As consumers, many of us are often boggled when we enter the grocery store.  Whether it is the middle of December or the hottest day in July, our supermarkets and grocery stores are consistently stocked with carrots, strawberries, tomatoes, and so on. While some may find this comfort appeasing, the fact that there is no recognition of seasonal variation  in large market outlets is widely unsettling.

our grocery stores look the same in February and October

The fact that vegetables and fruits have seasons is ignored. However, I along with many, thought of course! i know that veggies and fruits are seasonal … but when exactly? Walking into a grocery store, do we know when lettuce is in it’s prime, what about eggplant, peaches, and cherries? Finding these answers, and moving towards a lifestyle of seasonal eating is an issue taken up by Barbara Kingsolver in her book Animal, Vegetable, Miracle.

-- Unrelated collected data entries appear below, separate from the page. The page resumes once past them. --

text \<open>If the exponents \<open>e1, e2\<close> are exactly the combinations of the
  AM--GM exponents dictated by the two bounds above, then the log-profile has a strict
  global maximum at \<open>(s0, t0)\<close>: the difference to the maximum is \<open>-a D1 - b D2\<close>
  with both AM--GM defects \<open>D1, D2\<close> nonnegative and \<open>D1 = 0\<close> only at \<open>(s0, t0)\<close>.\<close>
lemma log_profile_strict_max:
  fixes e1 e2 a b B G A s0 t0 M s t :: real
  assumes pos: "s0 > 0" "t0 > 0" "B > 0" "G > 0" "A > 0" "a > 0" "b \<ge> 0"
    and sum: "s0 + t0 + B = 1" and M: "M = G * s0 + A * t0 + s0 * t0"
    and e1: "e1 = a * s0 + b * (G * s0 + s0 * t0) / M"
    and e2: "e2 = a * t0 + b * (A * t0 + s0 * t0) / M"
    and st: "s > 0" "t > 0"
  shows "log_profile e1 e2 a b B G A s t \<le> log_profile e1 e2 a b B G A s0 t0"
    and "log_profile e1 e2 a b B G A s t = log_profile e1 e2 a b B G A s0 t0 \<Longrightarrow> s = s0 \<and> t = t0"
proof -
  define Ls Lt where "Ls = ln s - ln s0" and "Lt = ln t - ln t0"
  define D1 where "D1 = ln (s + t + B) - (s0 * Ls + t0 * Lt)"
  define D2 where "D2 = ln (G * s + A * t + s * t)
                         - (ln M + (G * s0 + s0 * t0) / M * Ls + (A * t0 + s0 * t0) / M * Lt)"
  have D1: "D1 \<ge> 0" "D1 = 0 \<Longrightarrow> s = s0 \<and> t = t0"
    using ln_affine_mean_bound[OF pos(1-3) sum st] unfolding D1_def Ls_def Lt_def by simp_all
  have D2: "D2 \<ge> 0"
    using ln_bilinear_mean_bound[OF pos(4,5,1,2) M st] unfolding D2_def Ls_def Lt_def by simp
  have "log_profile e1 e2 a b B G A s t - log_profile e1 e2 a b B G A s0 t0
        = e1 * Ls + e2 * Lt - a * ln (s + t + B) - b * (ln (G * s + A * t + s * t) - ln M)"
    using sum by (simp add: log_profile_def Ls_def Lt_def M algebra_simps)
  also have "\<dots> = - a * D1 - b * D2"
    unfolding D1_def D2_def e1 e2 by (simp add: algebra_simps)
  finally have diff: "log_profile e1 e2 a b B G A s t - log_profile e1 e2 a b B G A s0 t0 = - a * D1 - b * D2" .
  have "a * D1 \<ge> 0" "b * D2 \<ge> 0" using pos D1(1) D2 by simp_all
  then show "log_profile e1 e2 a b B G A s t \<le> log_profile e1 e2 a b B G A s0 t0"
    using diff by linarith
  assume "log_profile e1 e2 a b B G A s t = log_profile e1 e2 a b B G A s0 t0"
  with diff \<open>a * D1 \<ge> 0\<close> \<open>b * D2 \<ge> 0\<close> have "a * D1 = 0" by linarith
  then show "s = s0 \<and> t = t0" using pos(6) D1(2) by simp
qed

text \<open>The algebraic heart of the theorem, in the variables \<open>P = p'\<close>, \<open>Q = q'\<close>,
  \<open>x = 1/u\<close> with \<open>R = P x + Q (1 - x)\<close>: the candidate maximiser satisfies the
  normalisation and the exponent identities required by \<open>log_profile_strict_max\<close>.\<close>
lemma critical_point_identities:
  fixes P Q R x :: real
  assumes P: "P > 1" and Q: "Q > 1" and x: "0 < x" "x < 1" and R: "R = P * x + Q * (1 - x)"
  defines "s0 \<equiv> (P - 1) * (1 - x) / P" and "t0 \<equiv> (Q - 1) * x / Q"
    and "B \<equiv> R / (P * Q)" and "G \<equiv> P * x^2 / (Q * R)" and "A \<equiv> Q * (1 - x)^2 / (P * R)"
  shows "s0 + t0 + B = 1"
    and "G * s0 + A * t0 + s0 * t0 = x * (1 - x) * (R - 1) / R"
    and "(P - 1) / P = s0 / R + (G * s0 + s0 * t0) / (x * (1 - x))"
    and "(Q - 1) / Q = t0 / R + (A * t0 + s0 * t0) / (x * (1 - x))"
proof -
  have "R - 1 = P * x + Q * (1 - x) - 1" using R by simp
  also have "\<dots> = x * (P - 1) + (1 - x) * (Q - 1)" by (simp add: algebra_simps)
  also have "\<dots> > 0" using P Q x by (simp add: add_pos_pos)
  finally have R1: "R > 1" by simp
  show "s0 + t0 + B = 1"
    unfolding s0_def t0_def B_def using P Q R by (simp add: field_simps)
  show "G * s0 + A * t0 + s0 * t0 = x * (1 - x) * (R - 1) / R"
    unfolding s0_def t0_def G_def A_def using P Q R R1 x
    by (simp add: field_simps power2_eq_square) algebra
  show "(P - 1) / P = s0 / R + (G * s0 + s0 * t0) / (x * (1 - x))"
    unfolding s0_def t0_def G_def using P Q R R1 x
    by (simp add: field_simps power2_eq_square) algebra
  show "(Q - 1) / Q = t0 / R + (A * t0 + s0 * t0) / (x * (1 - x))"
    unfolding s0_def t0_def A_def using P Q R R1 x
    by (simp add: field_simps power2_eq_square) algebra
qed

lemma conj_exp_gt_1:
  fixes p :: real
  assumes "p > 1"
  shows "conj_exp p > 1" and "conj_exp p - 1 = 1 / (p - 1)" and "1 / p = (conj_exp p - 1) / conj_exp p"
  using assms by (auto simp: conj_exp_def field_simps)

lemma lhsF_as_log_profile:
  fixes u v p q r s t :: real
  assumes "u > 0" "v > 0" "p > 1" "q > 1" "r > 1" "s > 0" "t > 0"
  defines "P \<equiv> conj_exp p" and "Q \<equiv> conj_exp q" and "R \<equiv> conj_exp r"
  shows "lhsF u v p q r s t = p powr (1/p) * q powr (1/q) / r powr (1/r) *
           exp (log_profile (1/p) (1/q) (1/R) (1/r)
                  (R / (P * Q)) (P / (u^2 * Q * R)) (Q / (v^2 * P * R)) s t)"
proof -
  have pos: "P > 0" "Q > 0" "R > 0"
    using conj_exp_gt_1(1) assms(3-5) unfolding P_def Q_def R_def by fastforce+
  have N: "(sqrt (P * Q * R))^2 = P * Q * R" using pos by simp
  have beta: "(R / sqrt (P * Q * R))^2 = R / (P * Q)"
    using pos by (simp add: power_divide N power2_eq_square)
  have gamma: "(P / (u * sqrt (P * Q * R)))^2 = P / (u^2 * Q * R)"
    using pos assms(1) by (simp add: power_divide power_mult_distrib N) (simp add: power2_eq_square)
  have alpha: "(Q / (v * sqrt (P * Q * R)))^2 = Q / (v^2 * P * R)"
    using pos assms(2) by (simp add: power_divide power_mult_distrib N) (simp add: power2_eq_square)
  have S: "s + t + R / (P * Q) > 0" "P / (u^2 * Q * R) * s + Q / (v^2 * P * R) * t + s * t > 0"
    using pos assms by (simp_all add: add_pos_pos)
  show ?thesis
    unfolding lhsF_def Let_def P_def[symmetric] Q_def[symmetric] R_def[symmetric] beta gamma alpha
    using assms(6,7) S by (simp add: log_profile_def powr_def exp_add exp_diff)
qed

As advocate for nutritious food, Kingsolver wrote that her intention for writing was to recover a “lesson our culture has lost”, to provide an understanding and explanation of food as a process rather than a product.  Understanding food as process leads to an understanding of why watermelon are late, and when to look for asparagus.

The vegetannual is a visual image to keep in mind (or print out online!) as you walk through your local Farmer’s market or grocery store. We can make mindful decisions about what produce to buy and when, in order to decrease the energy exuded on food miles, support locally grown food, and nourish our bodies.

Barbara Kingsolver's vegetannual is an easy to use explanation of seasonality

Eating seasonally enriches the flavor of our food, opens our eyes to enjoy the unique splendor of food when it’s available, and allows us to diversify our diets year-round. To understand our food as a process!.. and indulge in the tasty menus of the seasons!

As Kingsolver states, “Two generations ago, people knew such things intuitively, but now we may have to learn them from a book”.